According to a trader quoted by Bloomberg, Turkish investors bought an estimated $3.5 billion worth so far this week as locals have bought at least $1 billion a day, according to another trader cited by Bloomberg. As a result, Turkish investors now hold a record $176 billion worth of hard currency after buying around $25 billion since early September, according to the latest central bank data

Meanwhile, as Erdogan has focused on the currency, other market indicators are screaming full-blown crisis and on Thursday, Turkey’s five-year credit default swaps widened for an eighth day to 462, the highest since September, while the yield on the nation’s benchmark 10-year lira bond jumped 91bps to over 19%. As Bloomberg notes, the cost of protection on Turkish sovereign notes has jumped above that for Iraq, Greece, Angola and Pakistan. Governments with costlier CDS include Ukraine, Argentina and Lebanon… for now. The turnaround in market perceptions for Turkey was especially striking because its CDS had been calmly declining even as the economy sank into recession. It wasn’t until recent fears about the plunge in reserves, that the CDS rout accelerated.
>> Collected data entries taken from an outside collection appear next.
lemma unif_conv_on_subseq:
  fixes t :: "nat \<Rightarrow> nat"
  assumes "unif_conv_on U F g"
  obtains s g' where "strict_mono s" "unif_conv_on U (\<lambda>n. F (t (s n))) g'"
proof (cases "\<exists>c. infinite {n. t n = c}")
  case True
  then obtain c where "infinite {n. t n = c}"
    by blast
  then obtain s :: "nat \<Rightarrow> nat" where "strict_mono s" "\<And>n. t (s n) = c"
    using infinite_enumerate by blast
  moreover have "unif_conv_on U (\<lambda>n. F c) (F c)"
    by (simp add: unif_conv_on_def)
  ultimately show ?thesis
    using that by simp
next
  case False
  then have "unif_conv_on U (\<lambda>n. F (t (id n))) g"
    by (auto intro: unif_conv_on_compose[OF assms] filterlim_at_top_if_finite_fibres)
  then show ?thesis
    using that[of id] by (simp add: strict_mono_def)
qed

lemma normal_family_if_unif_conv_on_residues:
  assumes "m > 0" and "\<And>j. j < m \<Longrightarrow> unif_conv_on (sball c e) (\<lambda>k. F (m * k + j)) (a j)"
  shows "normal_family (sball c e) F"
  unfolding normal_family_def
proof
  fix r :: "nat \<Rightarrow> nat"
  have "(\<Union>j<m. {n. r n mod m = j}) = UNIV"
    using assms(1) by auto
  then have "infinite (\<Union>j<m. {n. r n mod m = j})"
    by simp
  then obtain j where j: "j < m" "infinite {n. r n mod m = j}"
    by blast
  then obtain s1 :: "nat \<Rightarrow> nat" where s1: "strict_mono s1" "\<And>n. r (s1 n) mod m = j"
    using infinite_enumerate by blast
  obtain s2 g where s2: "strict_mono s2"
    and g: "unif_conv_on (sball c e) (\<lambda>n. F (m * (r (s1 (s2 n)) div m) + j)) g"
    using unif_conv_on_subseq[OF assms(2)[OF j(1)], of "\<lambda>n. r (s1 n) div m"] by blast
  have "m * (r (s1 (s2 n)) div m) + j = r (s1 (s2 n))" for n
    using s1(2)[of "s2 n"] by (metis div_mult_mod_eq mult.commute)
  with g have "locally_unif_conv (sball c e) (\<lambda>n. F (r ((s1 \<circ> s2) n))) g"
    by (simp add: locally_unif_conv_sballI)
  moreover have "strict_mono (s1 \<circ> s2)"
    using s1(1) s2 by (rule strict_mono_o)
  ultimately show "\<exists>s g. strict_mono s \<and> locally_unif_conv (sball c e) (\<lambda>n. F (r (s n))) g"
    by blast
qed

lemma unif_conv_on_Some_const:
  assumes "U \<subseteq> Some ` S" and "\<And>k z. z \<in> S \<Longrightarrow> F k (Some z) = Some (G k z)"
    and "\<And>\<epsilon>. \<epsilon> > 0 \<Longrightarrow> eventually (\<lambda>k. \<forall>z\<in>S. cmod (G k z - c) < \<epsilon>) sequentially"
  shows "unif_conv_on U F (\<lambda>_. Some c)"
  unfolding unif_conv_on_def
proof (intro allI impI)
  fix \<epsilon> :: real assume "\<epsilon> > 0"
  then have "eventually (\<lambda>k. \<forall>z\<in>S. cmod (G k z - c) < \<epsilon> / 2) sequentially"
    by (intro assms(3)) simp
  then show "eventually (\<lambda>k. \<forall>y\<in>U. chordal_dist (F k y) (Some c) < \<epsilon>) sequentially"
  proof (rule eventually_mono)
    fix k assume small: "\<forall>z\<in>S. cmod (G k z - c) < \<epsilon> / 2"
    show "\<forall>y\<in>U. chordal_dist (F k y) (Some c) < \<epsilon>"
    proof
      fix y assume "y \<in> U"
      then obtain z where "z \<in> S" "y = Some z"
        using assms(1) by blast
      then show "chordal_dist (F k y) (Some c) < \<epsilon>"
        using chordal_dist_Some_le[of "G k z" c] small assms(2) by fastforce
    qed
  qed
qed

section \<open>Iteration near attracting points\<close>

lemma funpow_Some:
  assumes "\<And>z. z \<in> S \<Longrightarrow> F (Some z) = Some (g z)" and "g ` S \<subseteq> S" and "z \<in> S"
  shows "(F ^^ k) (Some z) = Some ((g ^^ k) z) \<and> (g ^^ k) z \<in> S"
  by (induction k) (use assms in auto)

lemma eventually_contraction_at_fixpoint:
  assumes "(g has_field_derivative D) (at c)" and "g c = c" and "cmod D < r"
  shows "eventually (\<lambda>z. dist (g z) c \<le> r * dist z c) (nhds c)"
proof -
  have "((\<lambda>z. (g z - c) / (z - c)) \<longlongrightarrow> D) (at c)"
    using assms(1,2) by (simp add: has_field_derivative_iff)
  then have "eventually (\<lambda>z. dist ((g z - c) / (z - c)) D < r - cmod D) (at c)"
    using assms(3) by (intro tendstoD) auto
  then have "eventually (\<lambda>z. cmod ((g z - c) / (z - c)) < r) (at c)"
    by (rule eventually_mono)
      (metis dist_norm norm_triangle_sub add.commute less_diff_eq order.strict_trans1)
  then have "eventually (\<lambda>z. z \<noteq> c \<longrightarrow> cmod (g z - c) \<le> r * cmod (z - c)) (nhds c)"
    unfolding eventually_at_filter
    by (rule eventually_mono) (auto simp: norm_divide divide_less_eq less_imp_le)
  then show ?thesis
    by (rule eventually_mono) (use assms(2) in \<open>auto simp: dist_norm\<close>)
qed
lemma log_concave_integrable_bounded:
  fixes h :: "real \<Rightarrow> real"
  assumes "log_concave h" "\<And>x. 0 \<le> h x" "integrable lborel h"
  obtains B where "\<And>x. h x \<le> B"
proof (cases "\<exists>p1 p2. p1 \<noteq> p2 \<and> 0 < h p1 \<and> 0 < h p2")
  case False
  define p where "p = (SOME p. 0 < h p)"
  have "h x \<le> max 0 (h p)" for x
    using False someI[of "\<lambda>p. 0 < h p" x] by (cases "0 < h x") (auto simp: p_def)
  then show ?thesis using that by blast
next
  case True
  then obtain p1 p2 where p: "p1 \<noteq> p2" "0 < h p1" "0 < h p2" by blast
  define c where "c = min (h p1) (h p2)"
  define \<delta> where "\<delta> = \<bar>p2 - p1\<bar>"
  define J where "J = integral\<^sup>L lborel h"
  have c: "0 < c" "c \<le> h p1" "c \<le> h p2" and "0 < \<delta>"
    using p by (auto simp: c_def \<delta>_def)
  have "h q \<le> max c (16 * J\<^sup>2 / (c * \<delta>\<^sup>2))" for q
  proof (cases "h q \<le> c")
    case False
    obtain p where "c \<le> h p" "\<delta> / 2 \<le> \<bar>q - p\<bar>"
    proof (cases "\<delta> / 2 \<le> \<bar>q - p1\<bar>")
      case False
      then have "\<delta> / 2 \<le> \<bar>q - p2\<bar>"
        unfolding \<delta>_def by (simp add: abs_if split: if_splits)
      with c that show ?thesis by blast
    qed (use c in blast)
    then have "sqrt (c * h q) * (\<delta> / 4) \<le> sqrt (c * h q) * (\<bar>q - p\<bar> / 2)"
      using c False by (intro mult_left_mono) auto
    also have "\<dots> \<le> J"
      using log_concave_integral_lower_bound[OF assms, of c p q] \<open>c \<le> h p\<close> False c
      by (simp add: J_def)
    finally have "(sqrt (c * h q) * (\<delta> / 4))\<^sup>2 \<le> J\<^sup>2"
      using c \<open>0 < \<delta>\<close> False by (intro power_mono) auto
    moreover have "(sqrt (c * h q) * (\<delta> / 4))\<^sup>2 = c * h q * \<delta>\<^sup>2 / 16"
      using c False by (simp add: power_mult_distrib power_divide)
    ultimately have "h q \<le> 16 * J\<^sup>2 / (c * \<delta>\<^sup>2)"
      using c \<open>0 < \<delta>\<close> by (simp add: field_simps)
    then show ?thesis by simp
  qed simp
  then show ?thesis using that by blast
qed

lemma prod_log_concave_mult_le_vmin_vmax:
  fixes g :: "real^'n \<Rightarrow> real" and gi :: "'n \<Rightarrow> real \<Rightarrow> real"
  assumes "\<And>z. g z = (\<Prod>i\<in>UNIV. gi i (z $ i))" "\<And>i. log_concave (gi i)" "\<And>i t. 0 \<le> gi i t"
  shows "g (x - z) * g (y - w) \<le> g (vmin x y - vmin z w) * g (vmax x y - vmax z w)"
proof -
  have "g (x - z) * g (y - w) = (\<Prod>i\<in>UNIV. gi i (x $ i - z $ i) * gi i (y $ i - w $ i))"
    by (simp add: assms(1) prod.distrib)
  also have "\<dots> \<le> (\<Prod>i\<in>UNIV. gi i (min (x $ i) (y $ i) - min (z $ i) (w $ i)) *
                                gi i (max (x $ i) (y $ i) - max (z $ i) (w $ i)))"
    by (intro prod_mono conjI log_concave_mult_le_min_max[OF assms(2,3)] mult_nonneg_nonneg assms(3))
  also have "\<dots> = g (vmin x y - vmin z w) * g (vmax x y - vmax z w)"
    by (simp add: assms(1) prod.distrib vmin_def vmax_def)
  finally show ?thesis .
qed

lemma conv_eq_nn_integral:
  fixes f g :: "real^'n \<Rightarrow> real"
  assumes [measurable]: "f \<in> borel_measurable borel" "g \<in> borel_measurable borel"
    and "\<And>x. 0 \<le> f x" "\<And>z. 0 \<le> g z"
  shows "conv f g x = enn2real (\<integral>\<^sup>+w. ennreal (f w * g (x - w)) \<partial>lborel)"
proof -
  have "conv f g x = enn2real (\<integral>\<^sup>+z. ennreal (f (x - z) * g z) \<partial>lborel)"
    unfolding conv_def using assms(3,4) by (intro integral_eq_nn_integral) auto
  also have "(\<integral>\<^sup>+z. ennreal (f (x - z) * g z) \<partial>lborel) = (\<integral>\<^sup>+w. ennreal (f w * g (x - w)) \<partial>lborel)"
    by (subst nn_integral_lborel_reflect[where u=x]) simp_all
  finally show ?thesis .
qed

lemma nn_integral_conv_finite:
  fixes f g :: "real^'n \<Rightarrow> real"
  assumes "integrable lborel f" "\<And>x. 0 \<le> f x"
    and "g \<in> borel_measurable borel" "\<And>z. 0 \<le> g z" "\<And>z. g z \<le> B"
  shows "(\<integral>\<^sup>+w. ennreal (f w * g (x - w)) \<partial>lborel) < \<infinity>"
proof -
  have "0 \<le> B"
    using assms(4,5) order_trans by blast
  have "(\<integral>\<^sup>+w. ennreal (f w * g (x - w)) \<partial>lborel) \<le> (\<integral>\<^sup>+w. ennreal (B * f w) \<partial>lborel)"
    by (intro nn_integral_mono ennreal_leI) (metis assms(2,5) mult.commute mult_right_mono)
  also have "\<dots> = ennreal B * ennreal (integral\<^sup>L lborel f)"
    using assms(1,2) \<open>0 \<le> B\<close> by (simp add: ennreal_mult nn_integral_cmult nn_integral_eq_integral)
  also have "\<dots> < \<infinity>"
    by (simp add: ennreal_mult_less_top)
  finally show ?thesis .
qed

lemma log_supermodular_conv:
  fixes f g :: "real^'n \<Rightarrow> real"
  assumes f: "integrable lborel f" "\<And>x. 0 \<le> f x" "log_supermodular f"
    and g: "g \<in> borel_measurable borel" "\<And>z. 0 \<le> g z" "\<And>z. g z \<le> B"
    and kernel: "\<And>x y z w. g (x - z) * g (y - w) \<le> g (vmin x y - vmin z w) * g (vmax x y - vmax z w)"
  shows "log_supermodular (conv f g)"
  unfolding log_supermodular_def
proof (intro allI)
  fix x y :: "real^'n"
  have [measurable]: "f \<in> borel_measurable borel"
    using f(1) by auto
  note g(1)[measurable]
  define N where "N u = (\<integral>\<^sup>+w. ennreal (f w * g (u - w)) \<partial>lborel)" for u
  have conv_N: "conv f g u = enn2real (N u)" for u
    unfolding N_def using f(2) g(2) by (intro conv_eq_nn_integral) auto
  have N_finite: "N u < \<infinity>" for u
    unfolding N_def by (rule nn_integral_conv_finite[OF f(1,2) g])
  have "N x * N y \<le> N (vmin x y) * N (vmax x y)"
    unfolding N_def
  proof (rule four_functions_lborel_vec)
    fix z w
    have f_lsm: "f z * f w \<le> f (vmin z w) * f (vmax z w)"
      using f(3) unfolding log_supermodular_def by blast
    have "f z * g (x - z) * (f w * g (y - w)) = (f z * f w) * (g (x - z) * g (y - w))"
      by (simp only: ac_simps)
    also have "\<dots> \<le> (f (vmin z w) * f (vmax z w)) * (g (vmin x y - vmin z w) * g (vmax x y - vmax z w))"
      by (rule mult_mono[OF f_lsm kernel]) (simp_all add: f(2) g(2))
    also have "\<dots> = f (vmin z w) * g (vmin x y - vmin z w) * (f (vmax z w) * g (vmax x y - vmax z w))"
      by (simp only: ac_simps)
    finally show "ennreal (f z * g (x - z)) * ennreal (f w * g (y - w))
      \<le> ennreal (f (vmin z w) * g (vmin x y - vmin z w)) * ennreal (f (vmax z w) * g (vmax x y - vmax z w))"
      using f(2) g(2) by (simp add: ennreal_mult[symmetric] ennreal_leI)
  qed measurable
  then show "conv f g x * conv f g y \<le> conv f g (vmin x y) * conv f g (vmax x y)"
    using N_finite by (simp add: conv_N enn2real_mult[symmetric] enn2real_mono ennreal_mult_less_top)
qed
(* Let $T(x)=\int_{\mathbb R}e^{-\sqrt2|x-y|}\mathrm{sech}^2(y)\,dy$, and for integers $k\ge1$ let $p_k=\int_{\mathbb R}\mathrm{sech}^k(x)\cos(x)\,dx$, $r_k=\int_{\mathbb R}\mathrm{sech}^k(x)T(x)\cos(x)\,dx$, $s_k=\int_{\mathbb R}\mathrm{sech}^k(x)T(x)\tanh(x)\sin(x)\,dx$. Then \begin{align*} r_3&=-r_1+s_1+\sqrt2\,p_1,\\ s_3&=\tfrac13s_1-r_1+\tfrac79\sqrt2\,p_1,\\ r_5&=-r_1+\tfrac23s_1+\tfrac{37}{36}\sqrt2\,p_1,\\ s_5&=-\tfrac25r_1+\tfrac1{15}s_1+\tfrac{13}{36}\sqrt2\,p_1,\\ r_7&=-\tfrac{13}{15}r_1+\tfrac{23}{45}s_1+\tfrac{83\sqrt2}{90}p_1 . \end{align*} *)

theory Defs
  imports "HOL-Analysis.Analysis"
begin

definition sech :: "real \<Rightarrow> real" where
  "sech x = 1 / cosh x"

definition Tfun :: "real \<Rightarrow> real" where
  "Tfun x = (\<integral>y. exp (- sqrt 2 * \<bar>x - y\<bar>) * (sech y)^2 \<partial>lborel)"

definition p_int :: "nat \<Rightarrow> real" where
  "p_int k = (\<integral>x. (sech x)^k * cos x \<partial>lborel)"

definition r_int :: "nat \<Rightarrow> real" where
  "r_int k = (\<integral>x. (sech x)^k * Tfun x * cos x \<partial>lborel)"

definition s_int :: "nat \<Rightarrow> real" where
  "s_int k = (\<integral>x. (sech x)^k * Tfun x * tanh x * sin x \<partial>lborel)"

end

theory Submission
  imports Defs "HOL-Real_Asymp.Real_Asymp"
begin

text \<open>The kernel \<open>exp (- sqrt 2 * \<bar>x\<bar>) / (2 * sqrt 2)\<close> is the Green's function of
  \<open>2 - d\<^sup>2/dx\<^sup>2\<close>. Hence, by Fubini and two integrations by parts, every \<open>C\<^sup>2\<close> function \<open>f\<close>
  which together with \<open>f'\<close> and \<open>f''\<close> decays like \<open>sech\<close> satisfies
  \<open>\<integral> (f'' - 2 f) T = - 2 sqrt 2 \<integral> sech\<^sup>2 f\<close>.
  For \<open>f = sech\<^sup>k cos\<close> and \<open>f = sech\<^sup>k tanh sin\<close> this gives two recurrences linking
  \<open>r\<^sub>k, s\<^sub>k, r\<^sub>k\<^sub>+\<^sub>2, s\<^sub>k\<^sub>+\<^sub>2\<close> to \<open>p\<^sub>k\<^sub>+\<^sub>2\<close> and \<open>q\<^sub>k\<^sub>+\<^sub>2 = \<integral> sech\<^sup>k\<^sup>+\<^sup>2 tanh sin\<close>.
  Integrating the derivatives of \<open>sech\<^sup>k sin\<close> and \<open>sech\<^sup>k tanh cos\<close> expresses all \<open>p\<^sub>k\<close>
  and \<open>q\<^sub>k\<close> through \<open>p\<^sub>1\<close>, and the recurrences at \<open>k = 1, 3, 5\<close> form a triangular
  linear system whose solution is the theorem.\<close>

lemma sech_pos: "0 < sech x"
  unfolding sech_def by simp

lemma sech_le_one: "sech x \<le> 1"
  unfolding sech_def using cosh_real_ge_1[of x] by simp

lemma tanh_square_eq: "tanh x ^ 2 = 1 - sech x ^ 2"
proof -
  have "sinh x ^ 2 = cosh x ^ 2 - 1"
    using hyperbolic_pythagoras[of x] by simp
  then show ?thesis
    using cosh_real_pos[of x] unfolding sech_def tanh_def
    by (simp add: power_divide diff_divide_distrib)
qed

lemma abs_tanh_le_one: "\<bar>tanh x\<bar> \<le> (1::real)"
  using tanh_real_bounds[of x] by (simp add: abs_le_iff)

lemma has_real_derivative_sech_power:
  "((\<lambda>x. sech x ^ k) has_real_derivative - real k * sech x ^ k * tanh x) (at x)"
proof -
  have "(sech has_real_derivative - sech x * tanh x) (at x)"
    unfolding sech_def tanh_def using cosh_real_pos[of x]
    by (auto intro!: derivative_eq_intros simp: field_simps power2_eq_square)
  from DERIV_power[OF this, of k] show ?thesis
    by (cases k) (simp_all add: algebra_simps)
qed

lemma has_real_derivative_sech_power_tanh:
  "((\<lambda>x. sech x ^ k * tanh x) has_real_derivative (real k + 1) * sech x ^ (k + 2) - real k * sech x ^ k) (at x)"
proof -
  have "((\<lambda>x. sech x ^ k * tanh x) has_real_derivative
      - real k * sech x ^ k * tanh x ^ 2 + sech x ^ k * (1 - tanh x ^ 2)) (at x)"
    by (auto intro!: derivative_eq_intros has_real_derivative_sech_power[THEN DERIV_cong]
        simp: power2_eq_square)
  moreover have "- real k * sech x ^ k * tanh x ^ 2 + sech x ^ k * (1 - tanh x ^ 2) =
      (real k + 1) * sech x ^ (k + 2) - real k * sech x ^ k"
    unfolding tanh_square_eq power_add by (simp add: algebra_simps)
  ultimately show ?thesis
    by (rule DERIV_cong)
qed

lemma isCont_sech: "isCont sech x"
  using has_real_derivative_sech_power[of 1] DERIV_isCont by fastforce

lemma borel_measurable_sech [measurable]: "sech \<in> borel_measurable borel"
  by (intro borel_measurable_continuous_onI continuous_at_imp_continuous_on ballI isCont_sech)

lemma borel_measurable_tanh [measurable]: "(tanh :: real \<Rightarrow> real) \<in> borel_measurable borel"
  by (intro borel_measurable_continuous_onI continuous_intros) simp

text \<open>The Gudermannian \<open>arctan \<circ> sinh\<close> is a bounded primitive of \<open>sech\<close>.\<close>

lemma integrable_sech: "integrable lborel sech"
proof -
  have gd: "((\<lambda>x. arctan (sinh x)) has_real_derivative sech x) (at x)" for x
  proof -
    have "1 + sinh x ^ 2 = cosh x ^ 2"
      using cosh_square_eq[of x] by simp
    then show ?thesis
      using cosh_real_pos[of x] unfolding sech_def
      by (auto intro!: derivative_eq_intros simp: field_simps power2_eq_square add_pos_nonneg)
  qed
  have "set_integrable lborel (einterval (-\<infinity>) \<infinity>) sech"
  proof (rule interval_integral_FTC_nonneg(1)[where F="\<lambda>x. arctan (sinh x)" and A="-(pi/2)" and B="pi/2"])
    show "(((\<lambda>x. arctan (sinh x)) \<circ> real_of_ereal) \<longlongrightarrow> - (pi / 2)) (at_right (- \<infinity>))"
      unfolding ereal_tendsto_simps
      by (rule filterlim_compose[OF tendsto_arctan_at_bot sinh_real_at_bot])
    show "(((\<lambda>x. arctan (sinh x)) \<circ> real_of_ereal) \<longlongrightarrow> pi / 2) (at_left \<infinity>)"
      unfolding ereal_tendsto_simps
      by (rule filterlim_compose[OF tendsto_arctan_at_top sinh_real_at_top])
  qed (auto intro: gd isCont_sech less_imp_le[OF sech_pos])
  then show ?thesis by (simp add: set_integrable_def)
qed

lemma sech_tendsto_at_top: "(sech \<longlongrightarrow> 0) at_top"
  and sech_tendsto_at_bot: "(sech \<longlongrightarrow> 0) at_bot"
  unfolding sech_def[abs_def] divide_inverse
  by (simp_all add: tendsto_inverse_0_at_top cosh_real_at_top cosh_real_at_bot)

definition sech_bounded :: "(real \<Rightarrow> real) \<Rightarrow> bool" where
  "sech_bounded f \<longleftrightarrow> (\<exists>C. \<forall>x. \<bar>f x\<bar> \<le> C * sech x)"
definition polys :: "nat \<Rightarrow> mpoly set" where
  "polys n = {p. \<forall>m\<in>Poly_Mapping.keys p. Poly_Mapping.keys m \<subseteq> {1..n}}"

definition polys_deg :: "nat \<Rightarrow> nat \<Rightarrow> mpoly set" where
  "polys_deg n k = {p \<in> polys n. \<forall>m\<in>Poly_Mapping.keys p. mdeg m \<le> k}"

definition ideal_gen :: "nat \<Rightarrow> mpoly set \<Rightarrow> mpoly set" where
  "ideal_gen n S = {p. \<exists>F q. finite F \<and> F \<subseteq> S \<and> (\<forall>g\<in>F. q g \<in> polys n)
                          \<and> p = (\<Sum>g\<in>F. q g * g)}"

definition is_graph :: "nat \<Rightarrow> nat set set \<Rightarrow> bool" where
  "is_graph n E \<longleftrightarrow> E \<subseteq> {{i, j} | i j. i \<in> {1..n} \<and> j \<in> {1..n} \<and> i \<noteq> j}"

definition I_G :: "nat \<Rightarrow> nat set set \<Rightarrow> mpoly set" where
  "I_G n E = ideal_gen n ({Var i * Var i - Var i | i. i \<in> {1..n}}
                           \<union> {Var i * Var j | i j. {i, j} \<in> E})"

definition k_sos_mod :: "nat \<Rightarrow> nat \<Rightarrow> mpoly set \<Rightarrow> mpoly \<Rightarrow> bool" where
  "k_sos_mod n k I h \<longleftrightarrow> h \<in> polys n \<and>
     (\<exists>gs. set gs \<subseteq> polys_deg n k \<and> h - (\<Sum>g\<leftarrow>gs. g * g) \<in> I)"

definition eval :: "mpoly \<Rightarrow> (nat \<Rightarrow> real) \<Rightarrow> real" where
  "eval p x = (\<Sum>m\<in>Poly_Mapping.keys p. Poly_Mapping.lookup p m * (\<Prod>i\<in>Poly_Mapping.keys m. x i ^ Poly_Mapping.lookup m i))"

text \<open>Points of R^n are functions nat \<Rightarrow> real vanishing outside {1..n}.\<close>
definition TH :: "nat \<Rightarrow> nat \<Rightarrow> mpoly set \<Rightarrow> (nat \<Rightarrow> real) set" where
  "TH n k I = {p. (\<forall>i. i \<notin> {1..n} \<longrightarrow> p i = 0) \<and>
      (\<forall>l \<in> polys_deg n 1. k_sos_mod n k I l \<longrightarrow> eval l p \<ge> 0)}"

definition is_cycle :: "nat set set \<Rightarrow> nat list \<Rightarrow> bool" where
  "is_cycle E cs \<longleftrightarrow> distinct cs \<and> length cs \<ge> 3 \<and>
     (\<forall>i < length cs. {cs ! i, cs ! ((i + 1) mod length cs)} \<in> E)"

end

theory Submission
  imports Defs
begin

text \<open>
  Write the odd cycle as x_0, ..., x_{2k+2} (x_i the variable of the i-th cycle
  vertex).  Modulo I_G every x_i is idempotent and the product of adjacent
  variables vanishes, so the degree-2 polynomials
    A_j = (1 - x_0)(1 - x_{2j+1} - x_{2j+2})   (j = 0..k),
    B_j = x_0 (1 - x_{2j+2} - x_{2j+3})        (j = 0..k-1)
  are idempotent as well, i.e. A_j^2 = A_j and B_j^2 = B_j modulo I_G.  A purely
  ring-theoretic identity shows that (k+1) - sum_i x_i minus the sum of all A_j
  and B_j equals -x_0 x_1 - x_0 x_{2k+2}, which lies in I_G because both are
  edges of the cycle.  Hence (k+1) - sum_i x_i is 2-sos modulo I_G, and
  evaluating on the theta body yields the inequality.
\<close>

section \<open>Polynomials of bounded degree\<close>

lemma mdeg_superset:
  assumes "finite K" "Poly_Mapping.keys m \<subseteq> K"
  shows "mdeg m = (\<Sum>i\<in>K. Poly_Mapping.lookup m i)"
  unfolding mdeg_def
  by (rule sum.mono_neutral_left) (auto simp: assms in_keys_iff)

lemma mdeg_add: "mdeg (a + b) = mdeg a + mdeg b"
proof -
  let ?K = "Poly_Mapping.keys a \<union> Poly_Mapping.keys b"
  have "mdeg (a + b) = (\<Sum>i\<in>?K. Poly_Mapping.lookup (a + b) i)"
    by (rule mdeg_superset) (auto dest: set_mp[OF keys_add])
  also have "\<dots> = (\<Sum>i\<in>?K. Poly_Mapping.lookup a i) + (\<Sum>i\<in>?K. Poly_Mapping.lookup b i)"
    by (simp add: lookup_add sum.distrib)
  also have "\<dots> = mdeg a + mdeg b"
    using mdeg_superset[of ?K a] mdeg_superset[of ?K b] by simp
  finally show ?thesis .
qed

lemma polys_deg_polys: "p \<in> polys_deg n k \<Longrightarrow> p \<in> polys n"
  by (simp add: polys_deg_def)

lemma polys_deg_Const: "Const c \<in> polys_deg n k"
  by (simp add: polys_deg_def polys_def mdeg_def Const_def)

lemma polys_deg_zero: "0 \<in> polys_deg n k"
  by (simp add: polys_deg_def polys_def)

lemma polys_deg_one: "1 \<in> polys_deg n k"
  using polys_deg_Const[of 1] by (simp add: Const_def one_poly_mapping.abs_eq)

lemma polys_deg_Var: "i \<in> {1..n} \<Longrightarrow> Var i \<in> polys_deg n 1"
  by (simp add: polys_deg_def polys_def mdeg_def Var_def)

lemma polys_deg_add: "p \<in> polys_deg n k \<Longrightarrow> q \<in> polys_deg n k \<Longrightarrow> p + q \<in> polys_deg n k"
  unfolding polys_deg_def polys_def using keys_add[of p q] by blast

lemma polys_deg_uminus: "p \<in> polys_deg n k \<Longrightarrow> - p \<in> polys_deg n k"
  unfolding polys_deg_def polys_def by simp

lemma polys_deg_diff: "p \<in> polys_deg n k \<Longrightarrow> q \<in> polys_deg n k \<Longrightarrow> p - q \<in> polys_deg n k"
  using polys_deg_add[OF _ polys_deg_uminus] by (metis diff_conv_add_uminus)

lemma polys_deg_sum: "(\<And>i. i \<in> A \<Longrightarrow> f i \<in> polys_deg n k) \<Longrightarrow> sum f A \<in> polys_deg n k"
  by (induction A rule: infinite_finite_induct) (simp_all add: polys_deg_zero polys_deg_add)

lemma polys_deg_mult:
  assumes "p \<in> polys_deg n k1" "q \<in> polys_deg n k2"
  shows "p * q \<in> polys_deg n (k1 + k2)"
  unfolding polys_deg_def polys_def
proof (intro CollectI conjI ballI)
  fix m assume "m \<in> Poly_Mapping.keys (p * q)"
  then obtain a b where ab: "m = a + b" "a \<in> Poly_Mapping.keys p" "b \<in> Poly_Mapping.keys q"
    using keys_mult by blast
  show "Poly_Mapping.keys m \<subseteq> {1..n}"
    using ab assms keys_add[of a b] unfolding polys_deg_def polys_def by blast
  show "mdeg m \<le> k1 + k2"
    using ab assms unfolding polys_deg_def by (simp add: mdeg_add add_mono)
qed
So with Turkey now once again in a full-blown crisis and this time with the added kicker of its reserves dwindling to dangerous levels, yesterday’s quasi capital controls notwithstanding, traders’ attention turns to what happens next week after the local elections are out of the way. And for some idea of how much the Turkish lira may weaken next week, Bloomberg’s Mark Cudmore says to check out the 1 week USD/TRY implied volatility, which has exploded above 48% from 9.4% a week ago:

The expectation in the market is that offshore lira liquidity will be relaxed after the weekend elections, resulting in FX swap rates collapsing and enabling trapped lira longs to exit their positions. In fact, it appears that this has already happened, and the selling in the lira has resumed.

Finally, perhaps confirming that Erdogan has already lost the war with “evil speculators”, on Thursday the Turkish executive president made it clear that he sees nothing wrong with his economy, and instead the country’s is on the very of collapse due to a coordinated foreign attack (perhaps led by JPMorgan):

  • ERDOGAN SAYS LIRA FLUCTUATIONS ABOUT OPERATION TO CORNER TURKEY
  • ERDOGAN: THE REAL PROBLEM IS INTEREST RATES, I’M AN ECONOMIST

And while Erdogan also said that speculators should be tamed, the greatest worry for lira bulls should be that Erdogan is once again also targeting high interest rates as the source of the country’s woes, saying that “they”, i.e. the central bank, “have to cut interest rates or the inflation problem will carry on.”

Of course, whatever Erdogan wants, Erdogan gets, so as soon as the elections are over, expect a coordinated attack by the Turkish executive branch on the central bank of the country which is now mired in a deep recession where prices are soaring, urging for much lower rates, which in turn will soon send the lira plunging to new all time lows.